* Stored items *
........
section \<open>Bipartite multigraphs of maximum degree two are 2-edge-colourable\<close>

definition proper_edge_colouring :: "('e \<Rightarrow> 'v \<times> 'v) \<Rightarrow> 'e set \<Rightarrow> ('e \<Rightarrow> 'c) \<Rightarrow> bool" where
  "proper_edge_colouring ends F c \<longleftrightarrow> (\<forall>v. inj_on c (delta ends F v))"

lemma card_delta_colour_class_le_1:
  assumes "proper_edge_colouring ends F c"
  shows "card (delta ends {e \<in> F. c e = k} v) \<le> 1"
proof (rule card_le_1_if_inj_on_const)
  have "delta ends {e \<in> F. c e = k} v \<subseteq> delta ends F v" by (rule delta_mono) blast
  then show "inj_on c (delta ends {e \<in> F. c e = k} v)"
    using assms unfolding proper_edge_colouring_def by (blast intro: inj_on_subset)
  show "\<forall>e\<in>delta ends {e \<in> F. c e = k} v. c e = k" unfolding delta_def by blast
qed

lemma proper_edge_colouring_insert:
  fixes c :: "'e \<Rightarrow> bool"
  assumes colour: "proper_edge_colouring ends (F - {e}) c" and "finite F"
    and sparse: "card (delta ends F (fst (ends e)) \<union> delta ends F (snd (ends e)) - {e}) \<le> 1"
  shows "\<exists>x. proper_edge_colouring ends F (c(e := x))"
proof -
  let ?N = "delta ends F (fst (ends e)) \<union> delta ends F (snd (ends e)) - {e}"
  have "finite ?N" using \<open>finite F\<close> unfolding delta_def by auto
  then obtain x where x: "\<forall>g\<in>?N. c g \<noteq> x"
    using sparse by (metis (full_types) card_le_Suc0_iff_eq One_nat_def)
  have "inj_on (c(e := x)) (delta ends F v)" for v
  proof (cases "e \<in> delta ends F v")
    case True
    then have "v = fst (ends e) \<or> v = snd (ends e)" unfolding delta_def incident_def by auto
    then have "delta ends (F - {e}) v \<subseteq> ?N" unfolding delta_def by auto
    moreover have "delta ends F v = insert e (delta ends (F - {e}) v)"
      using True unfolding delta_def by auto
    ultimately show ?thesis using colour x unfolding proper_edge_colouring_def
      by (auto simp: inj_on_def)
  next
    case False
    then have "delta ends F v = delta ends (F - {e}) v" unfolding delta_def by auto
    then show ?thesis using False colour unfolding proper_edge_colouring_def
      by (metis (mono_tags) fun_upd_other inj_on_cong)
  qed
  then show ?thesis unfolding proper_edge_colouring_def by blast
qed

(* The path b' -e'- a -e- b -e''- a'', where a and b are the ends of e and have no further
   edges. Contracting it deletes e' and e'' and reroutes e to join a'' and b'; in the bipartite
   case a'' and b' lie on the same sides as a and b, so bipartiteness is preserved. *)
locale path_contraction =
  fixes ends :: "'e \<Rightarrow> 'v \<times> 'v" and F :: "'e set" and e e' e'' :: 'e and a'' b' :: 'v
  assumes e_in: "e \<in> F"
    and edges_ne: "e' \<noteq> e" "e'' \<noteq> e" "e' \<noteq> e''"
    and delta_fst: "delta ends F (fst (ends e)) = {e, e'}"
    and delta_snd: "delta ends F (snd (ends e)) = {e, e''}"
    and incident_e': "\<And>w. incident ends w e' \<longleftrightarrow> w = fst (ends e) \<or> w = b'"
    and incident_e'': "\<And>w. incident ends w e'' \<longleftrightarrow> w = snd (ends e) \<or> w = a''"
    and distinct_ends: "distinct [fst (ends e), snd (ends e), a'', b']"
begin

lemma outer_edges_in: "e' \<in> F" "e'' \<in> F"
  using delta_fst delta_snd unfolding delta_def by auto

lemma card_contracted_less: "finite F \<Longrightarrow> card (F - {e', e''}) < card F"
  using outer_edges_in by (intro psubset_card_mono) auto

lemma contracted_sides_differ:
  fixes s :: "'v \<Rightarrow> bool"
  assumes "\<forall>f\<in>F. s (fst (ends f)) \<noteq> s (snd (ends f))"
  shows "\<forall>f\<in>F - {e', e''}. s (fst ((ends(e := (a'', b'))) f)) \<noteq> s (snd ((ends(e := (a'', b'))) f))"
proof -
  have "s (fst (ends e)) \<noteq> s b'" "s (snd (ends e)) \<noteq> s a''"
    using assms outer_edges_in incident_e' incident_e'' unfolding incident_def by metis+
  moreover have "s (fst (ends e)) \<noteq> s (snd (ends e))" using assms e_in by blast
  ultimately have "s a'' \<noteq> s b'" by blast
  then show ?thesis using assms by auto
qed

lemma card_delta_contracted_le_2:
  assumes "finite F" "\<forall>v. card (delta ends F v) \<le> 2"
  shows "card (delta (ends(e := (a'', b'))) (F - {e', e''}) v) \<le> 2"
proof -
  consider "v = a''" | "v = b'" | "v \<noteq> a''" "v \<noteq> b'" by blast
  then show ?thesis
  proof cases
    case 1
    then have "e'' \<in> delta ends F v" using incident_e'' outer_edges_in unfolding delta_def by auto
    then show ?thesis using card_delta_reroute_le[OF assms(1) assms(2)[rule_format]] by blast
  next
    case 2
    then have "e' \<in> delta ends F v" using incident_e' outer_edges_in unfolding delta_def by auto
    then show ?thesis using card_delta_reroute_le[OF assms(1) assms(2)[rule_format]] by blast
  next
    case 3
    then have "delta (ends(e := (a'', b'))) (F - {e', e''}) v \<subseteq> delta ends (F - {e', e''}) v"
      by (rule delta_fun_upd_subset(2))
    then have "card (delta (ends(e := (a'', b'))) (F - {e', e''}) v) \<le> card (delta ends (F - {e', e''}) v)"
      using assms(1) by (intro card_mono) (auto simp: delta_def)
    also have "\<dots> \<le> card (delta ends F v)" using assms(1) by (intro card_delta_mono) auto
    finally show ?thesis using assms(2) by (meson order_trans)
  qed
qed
........
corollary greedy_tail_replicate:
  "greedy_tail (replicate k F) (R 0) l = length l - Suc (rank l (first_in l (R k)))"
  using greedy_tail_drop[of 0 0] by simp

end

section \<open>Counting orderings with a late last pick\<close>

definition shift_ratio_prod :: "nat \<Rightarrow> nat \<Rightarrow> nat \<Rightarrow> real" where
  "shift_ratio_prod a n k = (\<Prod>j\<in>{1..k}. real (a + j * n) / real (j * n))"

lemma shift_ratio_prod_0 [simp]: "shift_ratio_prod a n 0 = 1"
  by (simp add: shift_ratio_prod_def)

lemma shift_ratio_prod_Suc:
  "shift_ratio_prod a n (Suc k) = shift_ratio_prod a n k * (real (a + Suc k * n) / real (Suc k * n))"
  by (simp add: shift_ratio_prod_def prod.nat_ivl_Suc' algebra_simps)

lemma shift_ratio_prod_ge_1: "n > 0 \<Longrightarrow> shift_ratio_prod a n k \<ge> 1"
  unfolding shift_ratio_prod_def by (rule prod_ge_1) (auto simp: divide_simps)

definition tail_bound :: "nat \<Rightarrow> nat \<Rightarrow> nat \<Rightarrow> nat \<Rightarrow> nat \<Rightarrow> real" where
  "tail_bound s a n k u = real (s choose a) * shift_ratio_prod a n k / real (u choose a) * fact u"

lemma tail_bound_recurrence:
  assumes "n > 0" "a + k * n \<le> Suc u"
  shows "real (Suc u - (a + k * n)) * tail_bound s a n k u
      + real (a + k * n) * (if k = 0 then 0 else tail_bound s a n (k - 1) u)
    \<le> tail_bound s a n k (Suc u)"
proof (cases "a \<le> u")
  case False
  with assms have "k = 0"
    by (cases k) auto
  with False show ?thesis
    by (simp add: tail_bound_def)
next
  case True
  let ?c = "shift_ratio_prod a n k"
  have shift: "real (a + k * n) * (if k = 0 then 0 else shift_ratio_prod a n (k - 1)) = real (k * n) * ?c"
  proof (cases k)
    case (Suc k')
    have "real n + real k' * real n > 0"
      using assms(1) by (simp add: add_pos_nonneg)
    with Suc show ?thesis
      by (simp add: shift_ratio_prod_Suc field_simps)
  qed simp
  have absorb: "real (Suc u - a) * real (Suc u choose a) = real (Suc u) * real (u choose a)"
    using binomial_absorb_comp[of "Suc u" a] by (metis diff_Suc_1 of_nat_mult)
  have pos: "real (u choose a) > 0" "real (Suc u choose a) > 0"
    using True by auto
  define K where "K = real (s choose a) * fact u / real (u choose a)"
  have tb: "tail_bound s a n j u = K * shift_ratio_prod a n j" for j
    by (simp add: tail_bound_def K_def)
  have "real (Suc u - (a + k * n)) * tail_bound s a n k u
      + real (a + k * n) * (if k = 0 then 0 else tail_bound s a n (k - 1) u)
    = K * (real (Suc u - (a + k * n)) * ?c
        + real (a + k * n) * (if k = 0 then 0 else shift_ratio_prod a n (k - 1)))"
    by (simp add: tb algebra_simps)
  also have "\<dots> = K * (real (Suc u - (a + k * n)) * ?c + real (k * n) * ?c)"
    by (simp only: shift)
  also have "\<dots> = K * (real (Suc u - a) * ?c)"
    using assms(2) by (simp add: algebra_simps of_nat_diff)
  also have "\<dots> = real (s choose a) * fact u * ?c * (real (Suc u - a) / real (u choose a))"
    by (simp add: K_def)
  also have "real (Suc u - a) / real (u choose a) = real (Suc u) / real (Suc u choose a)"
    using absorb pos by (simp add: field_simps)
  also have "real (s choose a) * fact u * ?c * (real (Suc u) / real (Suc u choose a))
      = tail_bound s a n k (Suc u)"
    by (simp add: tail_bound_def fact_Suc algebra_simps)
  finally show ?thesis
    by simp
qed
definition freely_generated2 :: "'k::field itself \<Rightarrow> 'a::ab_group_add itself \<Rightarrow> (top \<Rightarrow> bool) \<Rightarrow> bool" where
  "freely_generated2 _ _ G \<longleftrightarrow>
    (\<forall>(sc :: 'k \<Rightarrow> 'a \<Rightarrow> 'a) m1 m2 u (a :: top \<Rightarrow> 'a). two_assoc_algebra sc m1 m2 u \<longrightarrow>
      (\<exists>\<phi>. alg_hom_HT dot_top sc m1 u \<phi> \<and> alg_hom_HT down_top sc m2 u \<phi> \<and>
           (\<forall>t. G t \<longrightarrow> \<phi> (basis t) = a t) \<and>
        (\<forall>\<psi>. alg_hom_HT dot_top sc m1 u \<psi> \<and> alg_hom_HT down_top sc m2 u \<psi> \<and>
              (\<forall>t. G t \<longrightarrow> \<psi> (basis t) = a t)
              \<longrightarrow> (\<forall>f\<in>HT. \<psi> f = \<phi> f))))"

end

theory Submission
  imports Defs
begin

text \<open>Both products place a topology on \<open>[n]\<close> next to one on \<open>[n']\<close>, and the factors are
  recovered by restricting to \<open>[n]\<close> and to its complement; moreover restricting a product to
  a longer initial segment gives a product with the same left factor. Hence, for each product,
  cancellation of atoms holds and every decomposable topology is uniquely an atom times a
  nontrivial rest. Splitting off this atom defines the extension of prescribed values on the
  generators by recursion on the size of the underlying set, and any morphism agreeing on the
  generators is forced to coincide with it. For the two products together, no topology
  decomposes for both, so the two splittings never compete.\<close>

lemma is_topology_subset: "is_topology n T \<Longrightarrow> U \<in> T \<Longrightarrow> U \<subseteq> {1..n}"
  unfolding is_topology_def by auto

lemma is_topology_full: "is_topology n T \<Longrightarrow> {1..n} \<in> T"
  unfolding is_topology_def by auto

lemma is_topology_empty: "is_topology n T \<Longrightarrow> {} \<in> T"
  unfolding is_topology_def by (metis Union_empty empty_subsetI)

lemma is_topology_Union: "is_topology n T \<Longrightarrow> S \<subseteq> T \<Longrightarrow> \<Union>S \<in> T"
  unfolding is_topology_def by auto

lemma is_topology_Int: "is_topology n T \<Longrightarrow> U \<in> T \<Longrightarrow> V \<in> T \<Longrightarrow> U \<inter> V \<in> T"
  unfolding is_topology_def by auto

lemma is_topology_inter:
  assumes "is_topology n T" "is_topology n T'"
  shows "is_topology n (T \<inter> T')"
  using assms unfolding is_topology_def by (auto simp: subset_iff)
........
* Exercise directions *
In the entries above, identify each line that includes the string "fixes", then copy it.

* Exercise output *
  fixes c :: "'e \<Rightarrow> bool"
  fixes ends :: "'e \<Rightarrow> 'v \<times> 'v" and F :: "'e set" and e e' e'' :: 'e and a'' b' :: 'v
  fixes s :: "'v \<Rightarrow> bool"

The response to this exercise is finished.